Canton’s Yuval Rooz says smart contract blockchains face a reckoning over value gap
Summary
Yuval Rooz, CEO of Digital Asset and co-founder of the Canton Network, asserts that many smart contract blockchains face a reckoning because their high valuations do not align with their actual economic throughput, recurring revenue, or real-world asset activity. He contends that many networks were designed for retail speculation rather than regulated institutional workflows, leading to a disconnect where low usage inflates token value. Rooz criticizes token issuance models copied from Bitcoin, where rewards flow primarily to validators regardless of chain utility.
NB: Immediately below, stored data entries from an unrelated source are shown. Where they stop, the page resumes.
lemma embeds_succ:
  assumes "embeds f R G D S" "(x, A) \<in># D"
  shows "\<exists>\<Gamma> \<Delta>. S (f x) = Some (\<Gamma>, \<Delta>) \<and> A \<in># \<Delta>"
proof -
  have "A \<in># formulas_at f D (f x)"
    using assms(2) by (force simp: formulas_at_def)
  then have "S (f x) \<noteq> None"
    using embeds_None[OF assms(1)] by force
  then obtain \<Gamma> \<Delta> where "S (f x) = Some (\<Gamma>, \<Delta>)" by auto
  then show ?thesis
    using embeds_Some[OF assms(1)] \<open>A \<in># formulas_at f D (f x)\<close> by (blast dest: mset_subset_eqD)
qed

lemma embeds_update:
  assumes "embeds f R G D S" "S p \<noteq> None"
    and "formulas_at f G' p \<subseteq># \<Gamma>'" "formulas_at f D' p \<subseteq># \<Delta>'"
    and "\<And>q. q \<noteq> p \<Longrightarrow> formulas_at f G' q = formulas_at f G q \<and> formulas_at f D' q = formulas_at f D q"
  shows "embeds f R G' D' (S(p := Some (\<Gamma>', \<Delta>')))"
proof (rule embedsI)
  show "prefix (f a) (f b) \<and> (f a = f b \<or> (S(p := Some (\<Gamma>', \<Delta>'))) (f b) \<noteq> None)"
    if "(a, b) \<in># R" for a b
    using embeds_relation[OF assms(1) that] assms(2) by auto
qed (use assms embeds_None[OF assms(1)] embeds_Some[OF assms(1)] in \<open>auto split: if_splits\<close>)

lemma embeds_add_ante:
  assumes "embeds f R G D S" "S (f x) = Some (\<Gamma>, \<Delta>)"
  shows "embeds f R (add_mset (x, A) G) D (S(f x := Some (add_mset A \<Gamma>, \<Delta>)))"
  using embeds_Some[OF assms] assms(2) by (intro embeds_update[OF assms(1)]) auto

lemma embeds_add_succ:
  assumes "embeds f R G D S" "S (f x) = Some (\<Gamma>, \<Delta>)"
  shows "embeds f R G (add_mset (x, A) D) (S(f x := Some (\<Gamma>, add_mset A \<Delta>)))"
  using embeds_Some[OF assms] assms(2) by (intro embeds_update[OF assms(1)]) auto

lemma embeds_remove_ante:
  assumes "embeds f R (add_mset (x, C) G) D S"
  obtains \<Gamma> \<Delta> where "S (f x) = Some (add_mset C \<Gamma>, \<Delta>)" "embeds f R G D (S(f x := Some (\<Gamma>, \<Delta>)))"
proof -
  obtain \<Gamma>' \<Delta> where at: "S (f x) = Some (\<Gamma>', \<Delta>)" and "C \<in># \<Gamma>'"
    using embeds_ante[OF assms, of x C] by auto
  then have "S (f x) = Some (add_mset C (\<Gamma>' - {#C#}), \<Delta>)" by simp
  moreover have "embeds f R G D (S(f x := Some (\<Gamma>' - {#C#}, \<Delta>)))"
    using embeds_Some[OF assms at] at
    by (intro embeds_update[OF assms]) (auto simp: insert_subset_eq_iff)
  ultimately show thesis by (rule that)
qed

lemma embeds_remove_succ:
  assumes "embeds f R G (add_mset (x, C) D) S"
  obtains \<Gamma> \<Delta> where "S (f x) = Some (\<Gamma>, add_mset C \<Delta>)" "embeds f R G D (S(f x := Some (\<Gamma>, \<Delta>)))"
proof -
  obtain \<Gamma> \<Delta>' where at: "S (f x) = Some (\<Gamma>, \<Delta>')" and "C \<in># \<Delta>'"
    using embeds_succ[OF assms, of x C] by auto
  then have "S (f x) = Some (\<Gamma>, add_mset C (\<Delta>' - {#C#}))" by simp
  moreover have "embeds f R G D (S(f x := Some (\<Gamma>, \<Delta>' - {#C#})))"
    using embeds_Some[OF assms at] at
    by (intro embeds_update[OF assms]) (auto simp: insert_subset_eq_iff)
  ultimately show thesis by (rule that)
qed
In contrast, Canton's token design burns tokens with every transaction, tying value directly to network utility. He also advocates for merit-based compensation for builders, citing models like Hyperliquid where revenue is used for token buybacks as more convincing for investors. He remains skeptical of metrics like Total Value Locked (TVL), emphasizing revenue and usage instead. Canton is gaining traction with traditional finance players like BNY, Nasdaq, and DTCC, processing significant daily repo transactions and generating millions in daily fees. Rooz believes the market is shifting toward rational economic structures, demanding real utility, and notes that even stablecoins have not achieved true product-market fit until over 50% of their usage is non-crypto related.